Il concetto romano di otium, inteso come distacco dalle fatiche politiche per dedicarsi allo studio e alla rigenerazione, trovò a Tivoli la sua massima espressione architettonica. Si stima che nel territorio esistessero oltre sessanta lussuose ville residenziali, circondate da giardini pensili e irrigate da un complesso sistema di acquedotti. Il culmine di questa tendenza fu la costruzione della Villa di Adriano tra il 118 e il 138 d.C., una vera e propria "città imperiale" dove l'imperatore volle riprodurre i monumenti più celebri dei suoi viaggi nelle province, arricchendoli con una collezione inesauribile di statue e mosaici. Oltre al lusso privato, la vita sociale era scandita dai grandi spettacoli nell'anfiteatro cittadino, noto oggi come anfiteatro di Bleso, dove i tiburtini potevano assistere a combattimenti gladiatori e cacce alle belve feroci.

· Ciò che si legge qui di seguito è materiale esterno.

lemma cact_cinv_boxp_outside:
  assumes "\<beta> \<in> cG C m" "N = m + r + a" "x \<le> N" "x < a \<or> a + m < x"
  shows "cact C N (cinv C N (boxp C a m r \<beta>)) x = x"
proof -
  have B: "boxp C a m r \<beta> \<in> cG C N" using assms boxp_closed by blast
  have pb: "cact C N (boxp C a m r \<beta>) = boxp Sym a m r (cact C m \<beta>)" using assms cact_boxp by blast
  have BS: "boxp Sym a m r (cact C m \<beta>) \<in> Bij {..N}" using pb B cact_Bij by metis
  have v: "boxp Sym a m r (cact C m \<beta>) x = x"
    using assms by (auto simp: boxp_Sym_apply)
  have e: "cact C N (cinv C N (boxp C a m r \<beta>)) = pinv N (boxp Sym a m r (cact C m \<beta>))"
    by (simp add: cact_cinv[OF B] pb)
  show ?thesis
    unfolding e by (rule pinv_eqI[OF BS assms(3) v])
qed

lemma opc_unit_left: "\<beta> \<in> cG C m \<Longrightarrow> opc C 0 m 0 (cone C 0) \<beta> = \<beta>"
  unfolding opc_def using s_pow_cone[of 0 0 m] by (simp add: boxp_def cmul_cone_right)

lemma opc_unit_right: "\<alpha> \<in> cG C n \<Longrightarrow> i \<le> n \<Longrightarrow> opc C n 0 i \<alpha> (cone C 0) = \<alpha>"
  unfolding opc_def using boxp_cone[of n 0 "n - i" i] by (simp add: cmul_cone_left)

lemma opc_cmul:
  assumes "\<alpha> \<in> cG C n" "\<alpha>' \<in> cG C n" "\<beta> \<in> cG C m" "\<beta>' \<in> cG C m" "i \<le> n"
  shows "opc C n m i (cmul C n \<alpha> \<alpha>') (cmul C m \<beta> \<beta>') =
    cmul C (n + m) (opc C n m i \<alpha> \<beta>) (opc C n m (cact C n (cinv C n \<alpha>) i) \<alpha>' \<beta>')"
proof -
  define c where "c = cact C n (cinv C n \<alpha>) i"
  have c: "c \<le> n" unfolding c_def using assms by (simp add: cact_cinv_le)
  have B1: "boxp C i m (n - i) \<beta> \<in> cG C (n + m)" using assms by (intro boxp_closed) auto
  have B2: "boxp C i m (n - i) \<beta>' \<in> cG C (n + m)" using assms by (intro boxp_closed) auto
  have B3: "boxp C c m (n - c) \<beta>' \<in> cG C (n + m)" using assms c by (intro boxp_closed) auto
  have S1: "s_pow C m n i \<alpha> \<in> cG C (n + m)" using assms s_pow_closed by blast
  have S2: "s_pow C m n c \<alpha>' \<in> cG C (n + m)" using assms c s_pow_closed by blast
  have "opc C n m i (cmul C n \<alpha> \<alpha>') (cmul C m \<beta> \<beta>') =
    cmul C (n + m) (cmul C (n + m) (boxp C i m (n - i) \<beta>) (boxp C i m (n - i) \<beta>'))
      (cmul C (n + m) (s_pow C m n i \<alpha>) (s_pow C m n c \<alpha>'))"
  proof -
    have bm: "boxp C i m (n - i) (cmul C m \<beta> \<beta>') =
        cmul C (n + m) (boxp C i m (n - i) \<beta>) (boxp C i m (n - i) \<beta>')"
      by (rule boxp_cmul) (use assms in auto)
    show ?thesis unfolding opc_def c_def using assms by (simp add: bm s_pow_cmul)
  qed
  also have "\<dots> = cmul C (n + m) (boxp C i m (n - i) \<beta>)
      (cmul C (n + m) (cmul C (n + m) (boxp C i m (n - i) \<beta>') (s_pow C m n i \<alpha>)) (s_pow C m n c \<alpha>'))"
    using B1 B2 S1 S2 by (simp add: cmul_assoc cmul_closed)
  also have "cmul C (n + m) (boxp C i m (n - i) \<beta>') (s_pow C m n i \<alpha>) =
     cmul C (n + m) (s_pow C m n i \<alpha>) (boxp C c m (n - c) \<beta>')"
    unfolding c_def using operadic_interchange[OF assms(1) assms(4) assms(5)] .
  also have "cmul C (n + m) (boxp C i m (n - i) \<beta>)
      (cmul C (n + m) (cmul C (n + m) (s_pow C m n i \<alpha>) (boxp C c m (n - c) \<beta>')) (s_pow C m n c \<alpha>'))
     = cmul C (n + m) (cmul C (n + m) (boxp C i m (n - i) \<beta>) (s_pow C m n i \<alpha>))
        (cmul C (n + m) (boxp C c m (n - c) \<beta>') (s_pow C m n c \<alpha>'))"
    using B1 B3 S1 S2 by (simp add: cmul_assoc cmul_closed)
  finally show ?thesis unfolding opc_def c_def .
qed

lemma boxp_boxp:
  assumes "\<gamma> \<in> cG C n" "M = n + s + b"
  shows "boxp C a M r (boxp C b n s \<gamma>) = boxp C (a + b) n (s + r) \<gamma>"
proof -
  have Z: "sR_pow C s n \<gamma> \<in> cG C (n + s)" using assms sR_pow_closed by blast
  have "boxp C a M r (boxp C b n s \<gamma>) =
      sL_pow C a (M + r) (sR_pow C r (n + s + b) (sL_pow C b (n + s) (sR_pow C s n \<gamma>)))"
    unfolding boxp_def assms(2) ..
  also have "\<dots> = sL_pow C a (M + r) (sL_pow C b (n + s + r) (sR_pow C r (n + s) (sR_pow C s n \<gamma>)))"
    using sR_pow_sL_pow[OF Z, of r b] by simp
  also have "\<dots> = sL_pow C a (M + r) (sL_pow C b (n + s + r) (sR_pow C (s + r) n \<gamma>))"
    by (simp add: sR_pow_add)
  also have "M + r = n + s + r + b" using assms(2) by simp
  also have "sL_pow C a (n + s + r + b) (sL_pow C b (n + s + r) (sR_pow C (s + r) n \<gamma>)) =
      sL_pow C (b + a) (n + s + r) (sR_pow C (s + r) n \<gamma>)"
    by (rule sL_pow_add[symmetric])
  finally have "boxp C a M r (boxp C b n s \<gamma>) =
      sL_pow C (b + a) (n + s + r) (sR_pow C (s + r) n \<gamma>)" .
  then show ?thesis by (simp only: boxp_def add.commute[of a b] add.assoc)
qed

lemma sR_pow_boxp:
  assumes "\<beta> \<in> cG C m"
  shows "sR_pow C k (m + t + a) (boxp C a m t \<beta>) = boxp C a m (t + k) \<beta>"
  unfolding boxp_def using sR_pow_sL_pow[OF sR_pow_closed[OF assms, of t], of k a]
  by (simp add: sR_pow_add add.assoc)

lemma sR_pow_sL_pow_cmul_commute:
  assumes "x \<in> cG C n" "y \<in> cG C m"
  shows "cmul C (n + m + 1) (sR_pow C (m + 1) n x) (sL_pow C (n + 1) m y) =
    cmul C (n + m + 1) (sL_pow C (n + 1) m y) (sR_pow C (m + 1) n x)"
proof -
  let ?N = "n + m + 1"
  have closed: "sR_pow C (m + 1) n x \<in> cG C ?N" "sL_pow C (n + 1) m y \<in> cG C ?N"
    using sR_pow_closed[OF assms(1), of "m + 1"] sL_pow_closed[OF assms(2), of "n + 1"]
    by (simp_all add: ac_simps)
  have units: "sR_pow C (m + 1) n (cone C n) = cone C ?N" "sL_pow C (n + 1) m (cone C m) = cone C ?N"
    using sR_pow_cone[of "m + 1" n] sL_pow_cone[of "n + 1" m] by (simp_all add: ac_simps)
  from monoidal_interchange[OF cone_closed assms cone_closed] show ?thesis
    by (simp only: units cmul_cone_left[OF assms(1)] cmul_cone_right[OF assms(2)]
        cmul_cone_left[OF closed(2)] cmul_cone_right[OF closed(1)])
qed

La salute e la religione erano profondamente intrecciate nel tessuto quotidiano. Le proprietà curative delle Acque Albule, sorgenti solfuree rinomate per la cura dei mali della pelle e delle articolazioni, attiravano una clientela vastissima che includeva imperatori e soldati reduci dalle campagne militari. Dal punto di vista spirituale, il cuore della città batteva per il santuario di Ercole Vincitore, ma grande importanza rivestiva anche il collegio delle sacerdotesse Vestali, tra cui spicca la figura di Cossinia, che servì la dea per sessantasei anni guadagnandosi l'onore di una sepoltura pubblica per decreto del Senato locale. Con il passare dei secoli, questo fervore pagano iniziò a confrontarsi con la nuova fede cristiana, segnata dal martirio di Santa Sinforosa e dei suoi figli sotto il regno di Adriano, evento che preannunciava la futura trasformazione medievale della città.


Fonti:

  • Adembri B. & Mari Z., Tivoli e la vestale Cossinia (Catalogo), 2018.
  • Andrei G., Personaggi della Storia di Tivoli, 2020.
  • Bulgarini F., Notizie storiche, antiquarie, statistiche ed agronomiche intorno all'antichissima città di Tivoli, 1848.
  • Cascioli G., Gli uomini illustri o degni di memoria della città di Tivoli, 1927-1928.
  • Del Re A., Dell'Antichità Tiburtine, 1611 (ed. 2012).
  • Mari Z., Tivoli. Tremila anni di storia (Sintesi), 2020.
  • Neri T., La salubrità dell'aria di Tivoli, 1622 (ed. 2009).
  • Nicodemi M. A., Storia di Tivoli (Tiburis Urbis Historia), 1589.
  • Viola S., Storia di Tivoli dalla sua origine fino al secolo XVII, 1819.
  • Zappi G. M., Annali e memorie di Tivoli (sec. XVI), ed. 1920.